● **Exercise directions**: Some lines in the entries contain the word "means". Copy all of them.

● **Data supplied**:
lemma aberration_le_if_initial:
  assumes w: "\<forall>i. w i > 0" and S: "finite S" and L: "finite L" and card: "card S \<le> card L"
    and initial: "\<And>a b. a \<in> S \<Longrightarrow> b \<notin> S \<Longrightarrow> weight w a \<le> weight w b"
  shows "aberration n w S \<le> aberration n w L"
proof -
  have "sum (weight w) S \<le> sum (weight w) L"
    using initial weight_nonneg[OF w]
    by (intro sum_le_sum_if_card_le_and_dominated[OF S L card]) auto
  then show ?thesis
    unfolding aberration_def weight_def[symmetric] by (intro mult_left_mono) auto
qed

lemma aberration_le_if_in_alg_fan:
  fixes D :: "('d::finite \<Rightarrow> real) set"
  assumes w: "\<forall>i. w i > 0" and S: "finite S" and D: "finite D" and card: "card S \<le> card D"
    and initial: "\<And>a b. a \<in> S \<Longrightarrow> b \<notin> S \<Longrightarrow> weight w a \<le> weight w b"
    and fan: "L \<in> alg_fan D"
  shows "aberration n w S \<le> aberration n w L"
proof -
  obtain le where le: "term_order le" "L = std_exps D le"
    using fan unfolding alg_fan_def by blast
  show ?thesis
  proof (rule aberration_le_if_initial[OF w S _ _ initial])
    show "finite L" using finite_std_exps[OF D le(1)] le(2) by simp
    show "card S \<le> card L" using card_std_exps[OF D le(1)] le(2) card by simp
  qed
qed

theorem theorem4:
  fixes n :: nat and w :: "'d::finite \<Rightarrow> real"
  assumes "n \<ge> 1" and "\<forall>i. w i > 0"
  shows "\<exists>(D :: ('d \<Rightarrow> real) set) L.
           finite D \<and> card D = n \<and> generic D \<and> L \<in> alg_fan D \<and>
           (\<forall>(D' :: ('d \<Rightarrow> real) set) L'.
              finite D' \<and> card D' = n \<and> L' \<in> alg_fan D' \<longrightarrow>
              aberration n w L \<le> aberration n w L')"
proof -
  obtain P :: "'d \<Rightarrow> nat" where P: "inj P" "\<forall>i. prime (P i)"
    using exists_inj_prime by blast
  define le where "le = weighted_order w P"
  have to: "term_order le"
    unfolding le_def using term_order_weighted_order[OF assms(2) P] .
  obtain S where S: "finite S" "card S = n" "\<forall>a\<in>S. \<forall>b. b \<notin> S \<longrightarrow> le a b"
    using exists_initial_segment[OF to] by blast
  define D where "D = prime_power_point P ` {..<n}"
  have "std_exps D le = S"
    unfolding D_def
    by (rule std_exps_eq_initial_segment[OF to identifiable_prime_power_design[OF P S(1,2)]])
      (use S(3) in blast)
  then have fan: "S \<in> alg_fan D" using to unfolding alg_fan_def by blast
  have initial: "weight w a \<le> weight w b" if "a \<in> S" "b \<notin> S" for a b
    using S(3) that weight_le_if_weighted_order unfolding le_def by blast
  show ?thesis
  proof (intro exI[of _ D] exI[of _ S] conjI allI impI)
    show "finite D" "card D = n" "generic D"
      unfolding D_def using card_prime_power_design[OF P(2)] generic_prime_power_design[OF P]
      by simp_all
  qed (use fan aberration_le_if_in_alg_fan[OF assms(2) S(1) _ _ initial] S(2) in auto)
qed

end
==
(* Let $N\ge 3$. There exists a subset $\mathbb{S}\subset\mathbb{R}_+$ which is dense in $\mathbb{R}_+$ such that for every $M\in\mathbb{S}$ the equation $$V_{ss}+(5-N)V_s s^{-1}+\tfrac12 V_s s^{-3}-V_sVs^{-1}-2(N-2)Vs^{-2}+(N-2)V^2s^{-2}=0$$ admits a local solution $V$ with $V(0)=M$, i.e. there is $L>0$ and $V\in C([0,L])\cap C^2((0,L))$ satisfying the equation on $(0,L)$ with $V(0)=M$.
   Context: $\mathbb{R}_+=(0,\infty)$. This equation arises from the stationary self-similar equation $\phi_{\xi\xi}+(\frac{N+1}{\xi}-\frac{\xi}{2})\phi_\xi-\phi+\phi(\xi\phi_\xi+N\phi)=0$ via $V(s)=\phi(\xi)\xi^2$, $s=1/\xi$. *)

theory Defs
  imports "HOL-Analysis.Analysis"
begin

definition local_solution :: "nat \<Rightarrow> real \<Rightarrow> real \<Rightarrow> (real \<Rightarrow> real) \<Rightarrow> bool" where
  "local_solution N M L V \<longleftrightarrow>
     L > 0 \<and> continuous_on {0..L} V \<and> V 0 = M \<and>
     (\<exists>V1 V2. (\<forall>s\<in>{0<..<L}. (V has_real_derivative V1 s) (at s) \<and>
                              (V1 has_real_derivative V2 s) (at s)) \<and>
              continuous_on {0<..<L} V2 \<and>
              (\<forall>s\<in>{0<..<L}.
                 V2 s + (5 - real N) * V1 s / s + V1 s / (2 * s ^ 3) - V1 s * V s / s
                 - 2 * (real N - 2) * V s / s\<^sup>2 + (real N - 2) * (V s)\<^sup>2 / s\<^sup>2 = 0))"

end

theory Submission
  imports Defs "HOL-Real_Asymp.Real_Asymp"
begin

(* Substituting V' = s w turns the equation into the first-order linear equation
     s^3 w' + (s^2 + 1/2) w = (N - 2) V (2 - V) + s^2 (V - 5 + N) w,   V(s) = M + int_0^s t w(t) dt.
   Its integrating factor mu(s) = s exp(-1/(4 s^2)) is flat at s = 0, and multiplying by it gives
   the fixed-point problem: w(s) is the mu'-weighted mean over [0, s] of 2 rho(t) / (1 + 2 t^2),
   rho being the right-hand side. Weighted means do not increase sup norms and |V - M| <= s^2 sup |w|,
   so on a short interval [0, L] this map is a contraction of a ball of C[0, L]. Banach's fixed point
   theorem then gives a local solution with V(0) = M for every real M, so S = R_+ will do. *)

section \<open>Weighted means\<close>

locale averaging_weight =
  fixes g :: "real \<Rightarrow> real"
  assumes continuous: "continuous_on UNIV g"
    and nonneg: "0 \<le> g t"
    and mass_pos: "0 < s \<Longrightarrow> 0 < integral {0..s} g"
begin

● **Written solution**:
   rho being the right-hand side. Weighted means do not increase sup norms and |V - M| <= s^2 sup |w|,
section \<open>Weighted means\<close>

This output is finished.